Items listed in a dataset:
(* Let $\{P_\theta\}_{\theta\in\Theta}$ be a family of distributions on a space $\mathcal{X}$, with $\Theta$ equipped with a metric $d$. Let $T\in\mathbb{N}\cup\{\infty\}$, $\theta_0,\theta_1\in\Theta$, and let $X_1,X_2,\ldots$ be independent with $X_t\sim P_{\theta_0}$ for $t\le T$ and $X_t\sim P_{\theta_1}$ for $t>T$. Fix $\alpha\in(0,1)$ and suppose that for any $\theta\in\Theta$ we can construct level-$(1-\alpha)$ confidence sequences with pointwise width $w(\cdot,\theta,\alpha)$. Let $\tau$ be the stopping time of the BCS-Detector built from a nested forward confidence sequence $\{C_t\}_{t\ge1}$ and nested backward confidence sequences $\{B^{(n)}_t\}_{t\in[n]}$, $n\ge1$. Then: (i) If $T=\infty$, then $\mathbb{E}_\infty[\tau]\ge\frac{1}{2\alpha}-\frac32$. (ii) Suppose $T<\infty$ and the pre-change parameter $\theta_0$ is not known. Let $\mathcal{E}=\{\theta_0\in C_t \text{ for all } 1\le t<T\}$ (so that $\mathbb{P}_T(\mathcal{E})\ge1-\alpha$). Then for $\alpha\in(0,0.5)$, $$\mathbb{E}_T\big[(\tau-T)^+\,\big|\,\mathcal{E}\big]\le\frac{3\,u_0(\theta_0,\theta_1,T)}{1-\alpha},$$ where $u_0:=\min\{t\ge1:\ w(t,\theta_1,\alpha)+w(T,\theta_0,\alpha)<d(\theta_1,\theta_0)\}$.
   Context: $\mathbb{P}_T,\mathbb{E}_T$ denote probability/expectation when the change occurs at time $T$; $\mathbb{P}_\infty,\mathbb{E}_\infty$ when there is no change. A level-$(1-\alpha)$ (forward) confidence sequence is a sequence of sets $C_t\subset\Theta$ with $C_t$ being $\sigma(X_1,\ldots,X_t)$-measurable and such that if the data are i.i.d. from $P_\theta$ then $\mathbb{P}(\forall t\ge1:\theta\in C_t)\ge1-\alpha$; it is nested if $C_t\subset C_s$ for $s<t$ (any CS can be made nested by replacing $C_t$ with $\cap_{s\le t}C_s$). For each $n\ge1$, a backward confidence sequence is a family $\{B^{(n)}_t\}_{1\le t\le n}$ of subsets of $\Theta$ with $B^{(n)}_t$ being $\sigma(X_t,\ldots,X_n)$-measurable and, if the data are i.i.d. from $P_\theta$, $\mathbb{P}(\forall t\in[n]:\theta\in B^{(n)}_t)\ge1-\alpha$; it is obtained by applying the forward construction to the reversed observations $Y_s=X_{n+1-s}$, $s\in[n]$, and re-indexing, and it is nested in the sense $B^{(n)}_s\subset B^{(n)}_{s'}$ for $s<s'$. A function $w(t,\theta,\alpha)$ is a pointwise width if for all $t$ and $\theta$, the set built from $t$ observations drawn i.i.d. from $P_\theta$ satisfies $\sup_{\theta'\in C_t}d(\theta,\theta')\le w(t,\theta,\alpha)$. The BCS-Detector stops at $\tau:=\inf\{n\ge1:\ C_n\cap B^{(n)}_1=\emptyset\}$. *)

theory Defs
  imports "HOL-Probability.Probability"
begin

text \<open>Observations are indexed by t = 1, 2, ...; a data path is omega :: nat => 'x
  (the value at index 0 is irrelevant).  The change point T ranges over enat
  (T = \<infinity> means no change).\<close>

definition chlaw :: "('p \<Rightarrow> 'x measure) \<Rightarrow> 'p \<Rightarrow> 'p \<Rightarrow> enat \<Rightarrow> (nat \<Rightarrow> 'x) measure" where
  "chlaw P th0 th1 T = (\<Pi>\<^sub>M t\<in>UNIV. (if enat t \<le> T then P th0 else P th1))"

definition iidlaw :: "('p \<Rightarrow> 'x measure) \<Rightarrow> 'p \<Rightarrow> (nat \<Rightarrow> 'x) measure" where
  "iidlaw P th = (\<Pi>\<^sub>M t\<in>UNIV. P th)"

definition revseq :: "nat \<Rightarrow> (nat \<Rightarrow> 'x) \<Rightarrow> (nat \<Rightarrow> 'x)" where
  "revseq n \<omega> = (\<lambda>s. if 1 \<le> s \<and> s \<le> n then \<omega> (n + 1 - s) else \<omega> s)"

text \<open>Backward confidence sequence B^(n)_t: the forward construction C applied to
  the reversed observations, re-indexed.\<close>
definition bwdcs :: "(nat \<Rightarrow> (nat \<Rightarrow> 'x) \<Rightarrow> 'p set) \<Rightarrow> nat \<Rightarrow> nat \<Rightarrow> (nat \<Rightarrow> 'x) \<Rightarrow> 'p set" where
  "bwdcs C n t \<omega> = C (n + 1 - t) (revseq n \<omega>)"

definition is_fwd_cs :: "('p \<Rightarrow> 'x measure) \<Rightarrow> real \<Rightarrow> (nat \<Rightarrow> (nat \<Rightarrow> 'x) \<Rightarrow> 'p set) \<Rightarrow> bool" where
  "is_fwd_cs P \<alpha> C \<longleftrightarrow>
     (\<forall>t \<omega> \<omega>'. (\<forall>s\<in>{1..t}. \<omega> s = \<omega>' s) \<longrightarrow> C t \<omega> = C t \<omega>') \<and>
     (\<forall>th. measure (iidlaw P th) {\<omega>\<in>space (iidlaw P th). \<forall>t\<ge>1. th \<in> C t \<omega>} \<ge> 1 - \<alpha>)"

definition nested_cs :: "(nat \<Rightarrow> (nat \<Rightarrow> 'x) \<Rightarrow> 'p set) \<Rightarrow> bool" where
  "nested_cs C \<longleftrightarrow> (\<forall>\<omega> s t. 1 \<le> s \<longrightarrow> s < t \<longrightarrow> C t \<omega> \<subseteq> C s \<omega>)"

definition pointwise_width ::
  "('p::metric_space \<Rightarrow> 'x measure) \<Rightarrow> real \<Rightarrow> (nat \<Rightarrow> 'p \<Rightarrow> real \<Rightarrow> real) \<Rightarrow> (nat \<Rightarrow> (nat \<Rightarrow> 'x) \<Rightarrow> 'p set) \<Rightarrow> bool" where
  "pointwise_width P \<alpha> w C \<longleftrightarrow>
     (\<forall>t th. 1 \<le> t \<longrightarrow> (AE \<omega> in iidlaw P th. \<forall>th'\<in>C t \<omega>. dist th th' \<le> w t th \<alpha>))"

definition bcs_tau :: "(nat \<Rightarrow> (nat \<Rightarrow> 'x) \<Rightarrow> 'p set) \<Rightarrow> (nat \<Rightarrow> 'x) \<Rightarrow> enat" where
  "bcs_tau C \<omega> = (if \<exists>n\<ge>1. C n \<omega> \<inter> bwdcs C n 1 \<omega> = {}
                    then enat (LEAST n. n \<ge> 1 \<and> C n \<omega> \<inter> bwdcs C n 1 \<omega> = {}) else \<infinity>)"

definition u0 :: "(nat \<Rightarrow> 'p::metric_space \<Rightarrow> real \<Rightarrow> real) \<Rightarrow> real \<Rightarrow> 'p \<Rightarrow> 'p \<Rightarrow> nat \<Rightarrow> enat" where
  "u0 w \<alpha> th0 th1 T = (if \<exists>t\<ge>1. w t th1 \<alpha> + w T th0 \<alpha> < dist th1 th0
                        then enat (LEAST t. t \<ge> 1 \<and> w t th1 \<alpha> + w T th0 \<alpha> < dist th1 th0) else \<infinity>)"

end

theory Submission
  imports Defs
begin

(* Without a change all data are i.i.d. from P theta0, and the detector can stop at time m only
   if the forward sequence or the backward sequence B^(m)_1 misses theta0.  The first event has
   probability at most alpha, and since reversing i.i.d. data does not change their law, so has
   each of the others.  A union bound gives P(tau > n) >= 1 - (n + 1) alpha, and summing these
   tail probabilities up to n = floor(1/alpha) gives E tau >= 1/(2 alpha) - 3/2.

   After a change at T, C_T lies within w(T, theta0, alpha) of theta0, while by nesting B^(T+u)_1
   is contained in the set built from the u post-change observations X_(T+u), ..., X_(T+1), which
   lies within w(u, theta1, alpha) of theta1.  For u = u0 the two sets are separated, so
   tau <= T + u0.  Pointwise widths hold almost surely here, hence so does this bound, and the
   conditional delay is at most u0 without using E or alpha < 1/2. *)

lemma measurable_merge_PiM:
  assumes "\<And>i. i \<in> J \<Longrightarrow> M i = N i"
  shows "(\<lambda>(x, y). \<lambda>i. if i \<in> J then x i else y i) \<in> measurable (PiM I M \<Otimes>\<^sub>M PiM I N) (PiM I N)"
proof (rule measurable_PiM_single')
  fix i assume "i \<in> I"
  show "(\<lambda>z. (case z of (x, y) \<Rightarrow> \<lambda>i. if i \<in> J then x i else y i) i) \<in> measurable (PiM I M \<Otimes>\<^sub>M PiM I N) (N i)"
  proof (cases "i \<in> J")
    case True
    then have "N i = M i" by (simp add: assms)
    with \<open>i \<in> I\<close> True show ?thesis by (simp add: case_prod_beta')
  qed (use \<open>i \<in> I\<close> in \<open>simp add: case_prod_beta'\<close>)
next
  show "(\<lambda>(x, y). \<lambda>i. if i \<in> J then x i else y i) \<in> space (PiM I M \<Otimes>\<^sub>M PiM I N) \<rightarrow> (\<Pi>\<^sub>E i\<in>I. space (N i))"
    using assms by (auto simp: space_pair_measure space_PiM PiE_iff extensional_def) metis
qed

lemma distr_merge_PiM:
  assumes M: "\<And>i. prob_space (M i)" and N: "\<And>i. prob_space (N i)"
    and eq: "\<And>i. i \<in> J \<Longrightarrow> M i = N i"
  shows "distr (PiM I M \<Otimes>\<^sub>M PiM I N) (PiM I N) (\<lambda>(x, y). \<lambda>i. if i \<in> J then x i else y i) = PiM I N"
    (is "distr ?P _ ?f = _")
proof (rule measure_eqI_PiM_infinite[symmetric, OF refl])
  interpret PM: prob_space "PiM I M" by (rule prob_space_PiM) (rule M)
  interpret PN: prob_space "PiM I N" by (rule prob_space_PiM) (rule N)
  show "finite_measure (PiM I N)" by unfold_locales
  fix A and K :: "'a set" assume K: "finite K" "K \<subseteq> I" and A: "\<And>i. i \<in> K \<Longrightarrow> A i \<in> sets (N i)"
  have AM: "i \<in> K \<inter> J \<Longrightarrow> A i \<in> sets (M i)" for i using A eq by auto
  have "?f -` prod_emb I N K (Pi\<^sub>E K A) \<inter> space ?P
      = prod_emb I M (K \<inter> J) (Pi\<^sub>E (K \<inter> J) A) \<times> prod_emb I N (K - J) (Pi\<^sub>E (K - J) A)"
    using A[THEN sets.sets_into_space] eq K
    by (auto simp: prod_emb_def space_pair_measure space_PiM PiE_iff Pi_iff extensional_def split: if_splits) metis
  then have "distr ?P (PiM I N) ?f (prod_emb I N K (Pi\<^sub>E K A))
      = emeasure ?P (prod_emb I M (K \<inter> J) (Pi\<^sub>E (K \<inter> J) A) \<times> prod_emb I N (K - J) (Pi\<^sub>E (K - J) A))"
    using K A by (subst emeasure_distr[OF measurable_merge_PiM[OF eq]]) (auto intro!: sets_PiM_I)
  also have "\<dots> = emeasure (PiM I M) (prod_emb I M (K \<inter> J) (Pi\<^sub>E (K \<inter> J) A))
                * emeasure (PiM I N) (prod_emb I N (K - J) (Pi\<^sub>E (K - J) A))"
    using K A AM by (intro PN.emeasure_pair_measure_Times sets_PiM_I) auto
  also have "\<dots> = (\<Prod>i\<in>K \<inter> J. emeasure (M i) (A i)) * (\<Prod>i\<in>K - J. emeasure (N i) (A i))"
    using K A AM M N by (subst (1 2) emeasure_PiM_emb) auto
  also have "\<dots> = (\<Prod>i\<in>K. emeasure (N i) (A i))"
    using K eq by (simp add: prod.Int_Diff[of K _ J])
  also have "\<dots> = emeasure (PiM I N) (prod_emb I N K (Pi\<^sub>E K A))"
    using K A N by (simp add: emeasure_PiM_emb)
  finally show "emeasure (PiM I N) (prod_emb I N K (Pi\<^sub>E K A))
      = emeasure (distr ?P (PiM I N) ?f) (prod_emb I N K (Pi\<^sub>E K A))"
    by simp
qed simp

(* Q need not be measurable: replacing the J-coordinates of a sample of PiM I N by those of an
   independent sample of PiM I M does not change its law. *)
lemma AE_PiM_transfer_local:
  assumes M: "\<And>i. prob_space (M i)" and N: "\<And>i. prob_space (N i)"
    and eq: "\<And>i. i \<in> J \<Longrightarrow> M i = N i"
    and local: "\<And>\<omega> \<omega>'. (\<forall>i\<in>J. \<omega> i = \<omega>' i) \<Longrightarrow> Q \<omega> = Q \<omega>'"
    and AE_N: "AE \<omega> in PiM I N. Q \<omega>"
  shows "AE \<omega> in PiM I M. Q \<omega>"
proof -
  interpret PM: prob_space "PiM I M" by (rule prob_space_PiM) (rule M)
  interpret PN: prob_space "PiM I N" by (rule prob_space_PiM) (rule N)
  interpret pair_prob_space "PiM I M" "PiM I N" ..
  let ?f = "\<lambda>(x, y). \<lambda>i. if i \<in> J then x i else y i"
  have f_meas: "?f \<in> measurable (PiM I M \<Otimes>\<^sub>M PiM I N) (PiM I N)"
    using eq by (rule measurable_merge_PiM)
  have f_distr: "distr (PiM I M \<Otimes>\<^sub>M PiM I N) (PiM I N) ?f = PiM I N"
    using M N eq by (rule distr_merge_PiM)
  have "AE z in PiM I M \<Otimes>\<^sub>M PiM I N. Q (?f z)"
    using f_meas by (rule AE_distrD) (simp only: f_distr AE_N)
  moreover have "Q (?f z) \<longleftrightarrow> Q (fst z)" for z
    by (intro local) (simp add: case_prod_beta')
  ultimately have "AE z in PiM I M \<Otimes>\<^sub>M PiM I N. Q (fst z)"
    by simp
  then have "AE x in PiM I M. AE y in PiM I N. Q x"
    using AE_pair by fastforce
  then show ?thesis by simp
qed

#### Exercise details:
Calculate the number of lines above that include the word "Otimes", giving that number by itself.

#### Written answer:
8